Hey! We just stayed at Glacier NP for 8 days this past August, I can give you some very good information on where to stay, what to do:
1. Get your NP annual pass as you will use it for admission to all NP you will visit on your trip. It will save you $$ with as many parks you are visiting
2. We stayed at St. Mary campground on the east side of the park and would gladly do it again. It is located less than 1mile from the St. Mary engrance. since you are so close to the village (but it does not feel like it) you still have cell reception! it is a great campground - no hook ups or power as per most NP. generators are allowed 7-9am... noon-2... and 5-7. corresponds to meal making, allows for batteries to recharge. Camp staff very friendly.
3. There are brand new bathrooms with showers in the campground and they use tokens. You get one free token per person in your party each day from the check-in booth at the entrance. Be sure to pick up,everyday. If you don't shower everyday, you get longer showers when you do! The showers can generate long lines during peak hours 7-8:30 am and 5-7:30 pm. 
4. There are places to "swim" in the park but do so in glacier water, brr! If the kids need a swim afternoon, you can get a day pass to the KOA to use the pool, shower and the laundry area. This gives you a chance to take a break, play, shower, wash clothes and they even have a pizza operation in the KOA so you can make a time of it!
5. I would highly suggest scheduling a RedBus tour for the first day you are in the park. It will take most of the day but takes you from east to west via Gojng to the Sun Road. You learn the history, see the sights, with frequent stops to take stunning photos, etc. you make a stop at Lake McDonald Lodge on the west side for lunch (on your own...there is a hamburger place, dining room and grab and go deli). You also make a stop in the middle of the park at the Continental Divide. You will not be sorry you did this.
5a. Going to the Sun road is not to be missed. There are length limits on vehicles to go on it, to say there are cliffs and hairpin curves is an understatement. Our TV was too long for it, many are. The tour gives you all the information on how they built this crazy road so long ago. Amazing. 
6. If you want to to hike, go against the usual schedule. Head out on the trail about 6-6:30 in the morning. This is the BEST time to see wildlife... We saw big horn sheep, bears, mountain goats and assorted small creatures. Bring snacks and water. (Don't forget your bear spray- yes just about everyone has it. all park personnel have it on their belts. it is expensive.. start looking now as you shop at Cabelas or what have you and look for a good price. you can get it in the park but it is triple $$). Come back to the campground late morning, make lunch, shower at your leisure and then head out again. If you hike mid-day it feels a bit like Disneyland. I was not happy about getting out so early, kids too, but it was worth it!
7. The east side of the park is more arid, dry, sunny, no rain. After 6 days on the east, we went to the west side. Wet, rainy, thicker woods- the tour talks about the two different weather zones of the park on each side of the divide. We are from WA so the west felt like home. I still preferred the east over the west and I liked St. MAry's better.
So, this is very long, and I am happy to tell you more, just message me. I like to know where I am going so I did A LOT of research before I went.

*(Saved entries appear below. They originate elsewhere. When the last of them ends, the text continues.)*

(* Let $r\ge 2$ be a constant and $2r\le k\le n$. Consider the (1+1) EA with bit flip probability $1/n$ optimizing $\mathrm{Fork}_{k,r}$ on strings of length $k$, where $\mathrm{Fork}_{k,r}(x)=k+1$ if $x=0^r1^{k-r}$ (valley), $k+2$ if $x=1^{k-r}0^r$ (optimum), and $|x|_1$ otherwise. The probability $p_{ov}$ that the algorithm generates (as an offspring) the optimum or the valley during its way to $1^k$ satisfies $p_{ov}\in O\!\left(\frac{1}{k^{r-1}}\right)$.
   Context: The (1+1) EA with bit flip probability $1/n$: start with $x$ uniform in $\{0,1\}^k$; each iteration create $y$ by flipping each bit of $x$ independently with probability $1/n$ and set $x\gets y$ if $\mathrm{Fork}_{k,r}(y)\ge\mathrm{Fork}_{k,r}(x)$. "During its way to $1^k$" refers to the period before the current solution reaches fitness $k$ (the string $1^k$). *)

theory Defs
  imports "HOL-Probability.Probability"
begin

text \<open>Bit strings of length k are boolean lists of length k (True = 1).\<close>

definition bitstrings :: "nat \<Rightarrow> bool list set" where
  "bitstrings k = {xs. length xs = k}"

definition ones :: "bool list \<Rightarrow> nat" where
  "ones x = length (filter id x)"

definition valley :: "nat \<Rightarrow> nat \<Rightarrow> bool list" where
  "valley k r = replicate r False @ replicate (k - r) True"

definition optimum :: "nat \<Rightarrow> nat \<Rightarrow> bool list" where
  "optimum k r = replicate (k - r) True @ replicate r False"

definition fork :: "nat \<Rightarrow> nat \<Rightarrow> bool list \<Rightarrow> nat" where
  "fork k r x = (if x = valley k r then k + 1
                 else if x = optimum k r then k + 2
                 else ones x)"

fun mutate :: "real \<Rightarrow> bool list \<Rightarrow> bool list pmf" where
  "mutate p [] = return_pmf []"
| "mutate p (b # bs) =
     bind_pmf (bernoulli_pmf p) (\<lambda>f.
     bind_pmf (mutate p bs) (\<lambda>ys.
     return_pmf ((if f then \<not> b else b) # ys)))"

text \<open>Probability that, starting from current search point x and within at most T
  iterations of the (1+1) EA (mutation rate 1/n) on Fork_{k,r}, an offspring equal to
  the optimum or the valley is generated before the current search point is 1^k.\<close>
fun pov_within :: "nat \<Rightarrow> nat \<Rightarrow> nat \<Rightarrow> nat \<Rightarrow> bool list \<Rightarrow> real" where
  "pov_within k r n 0 x = 0"
| "pov_within k r n (Suc T) x =
     (if x = replicate k True then 0
      else measure_pmf.expectation (mutate (1 / real n) x)
             (\<lambda>y. if y = optimum k r \<or> y = valley k r then 1
                  else pov_within k r n T (if fork k r y \<ge> fork k r x then y else x)))"

text \<open>The finite-horizon probabilities are nondecreasing in T; p_ov is their supremum.\<close>
definition p_ov :: "nat \<Rightarrow> nat \<Rightarrow> nat \<Rightarrow> real" where
  "p_ov k r n = (SUP T. measure_pmf.expectation (pmf_of_set (bitstrings k)) (pov_within k r n T))"

end

theory Submission
  imports Defs
begin

text \<open>Until an offspring equals the optimum or the valley, the (1+1) EA on Fork makes the same
  selections as on OneMax, so \<open>p_ov\<close> is at most the sum of the probabilities that the OneMax run
  generates these two strings, both of which have \<open>k - r\<close> ones. The OneMax run commutes with
  permutations of the bit positions and the uniform start is invariant under them, so from it
  all \<open>k choose r\<close> strings with \<open>k - r\<close> ones are generated with the same probability. Each of
  the two probabilities is therefore at most the expected number of offspring with \<open>k - r\<close> ones
  (differing from their parent) divided by \<open>k choose r \<ge> (k / r) ^ r\<close>. That expectation is
  \<open>O(k r)\<close>: on the levels \<open>j \<ge> k - r\<close> an iteration creates a new offspring with probability
  at most \<open>k / n\<close> but improves with probability at least \<open>1 / (3 n)\<close>, so the potential
  \<open>3 k (k - j)\<close> pays for all of them.\<close>

lemma finite_bitstrings: "finite (bitstrings k)"
  using finite_lists_length_eq[of "UNIV :: bool set" k] by (simp add: bitstrings_def)

lemma card_bitstrings: "card (bitstrings k) = 2 ^ k"
  using card_lists_length_eq[of "UNIV :: bool set" k] by (simp add: bitstrings_def card_UNIV_bool)

lemma replicate_in_bitstrings: "replicate k b \<in> bitstrings k"
  by (simp add: bitstrings_def)

lemma ones_conv_count: "ones x = count (mset x) True"
  by (induction x) (auto simp: ones_def)

lemma False_in_set_if_not_replicate: "x \<noteq> replicate (length x) True \<Longrightarrow> False \<in> set x"
  by (metis (full_types) replicate_length_same)

lemma mset_eq_if_ones_eq:
  assumes "length x = length y" "ones x = ones y"
  shows "mset x = mset y"
proof -
  have count_False: "count (mset w) False = length w - ones w" for w
    by (induction w) (auto simp: ones_def Suc_diff_le length_filter_le)
  show ?thesis
  proof (rule multiset_eqI)
    fix b :: bool
    show "count (mset x) b = count (mset y) b"
      using assms by (cases b) (simp_all add: ones_conv_count[symmetric] count_False)
  qed
qed

definition level_set :: "nat \<Rightarrow> nat \<Rightarrow> bool list set" where
  "level_set k m = {z \<in> bitstrings k. ones z = m}"

lemma finite_level_set: "finite (level_set k m)"
  using finite_bitstrings[of k] by (simp add: level_set_def)

lemma card_level_set: "card (level_set k m) = k choose m"
proof -
  define f :: "nat set \<Rightarrow> bool list" where "f S = map (\<lambda>i. i \<in> S) [0..<k]" for S
  define g :: "bool list \<Rightarrow> nat set" where "g z = {i. i < k \<and> z ! i}" for z
  have ones_f: "ones (f S) = card S" if "S \<subseteq> {..<k}" for S
  proof -
    have "{i. i < k \<and> f S ! i} = S"
      using that by (auto simp: f_def)
    then show ?thesis
      by (simp add: ones_def length_filter_conv_card f_def)
  qed
  have "bij_betw f {S. S \<subseteq> {..<k} \<and> card S = m} (level_set k m)"
  proof (rule bij_betw_byWitness[where f' = g])
    show "\<forall>S\<in>{S. S \<subseteq> {..<k} \<and> card S = m}. g (f S) = S"
      by (auto simp: f_def g_def)
    show "\<forall>z\<in>level_set k m. f (g z) = z"
      by (auto simp: f_def g_def level_set_def bitstrings_def intro: nth_equalityI)
    show "f ` {S. S \<subseteq> {..<k} \<and> card S = m} \<subseteq> level_set k m"
      using ones_f by (auto simp: f_def level_set_def bitstrings_def)
    have "card (g z) = ones z" if "length z = k" for z
      using that by (simp add: g_def ones_def length_filter_conv_card)
    then show "g ` level_set k m \<subseteq> {S. S \<subseteq> {..<k} \<and> card S = m}"
      by (auto simp: g_def level_set_def bitstrings_def)
  qed
  then show ?thesis
    using n_subsets[of "{..<k}" m] by (simp add: bij_betw_same_card)
qed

Have a blast planning - what a wonderful trip!!!!!


----------



## JLAnderson

We kind of like the Yellowstone Valley Inn, which is about 16 mi up the canyon (towards Yellowstone) from Cody, WY. They have a small pool and a hot tub, and beautiful views. We have also stayed at the Cody KOA, which has a free shuttle to the Cody Night Rodeo. Don't miss the Cody Rodeo - it's a blast. There is also a daily play and shootout in front of the Irma Hotel in downtown Cody.

I also highly recommend the Buffalo Bill Historical Center in Cody. You can easily kill a day there, but can catch a lot on a faster visit

We've been out to Cody and to the Black Hills several times, and love both areas. We hope to be out there again in June or so as well, but depends on the work schedule... unfortunately.


----------



## CW2Jason

willingtonpaul said:


> we are heading west for 4 weeks next summer. plan is to do the black hills, yellowstone and glacier. i have done a good bit of research on places to stay and things to definitely not miss, but i imagine that there is some pretty darn good info and opinions out in this community from experience.
> 
> so please give me some ideas on what i should and should not miss and where i should stay.
> 
> thanks in advance
> 
> paul


We just made that trip last summer, we spent a week in South Dakota here: BEAVER LAKE CAMPGROUND
12005 West Hwy. 16, Custer, SD 57730
3 Miles West of Custer

Great location and the people are friendly.

Hope this helps. as for the trip out, we stayed at truck stops and Walmart parking lots to save cash. Have a great safe trip


----------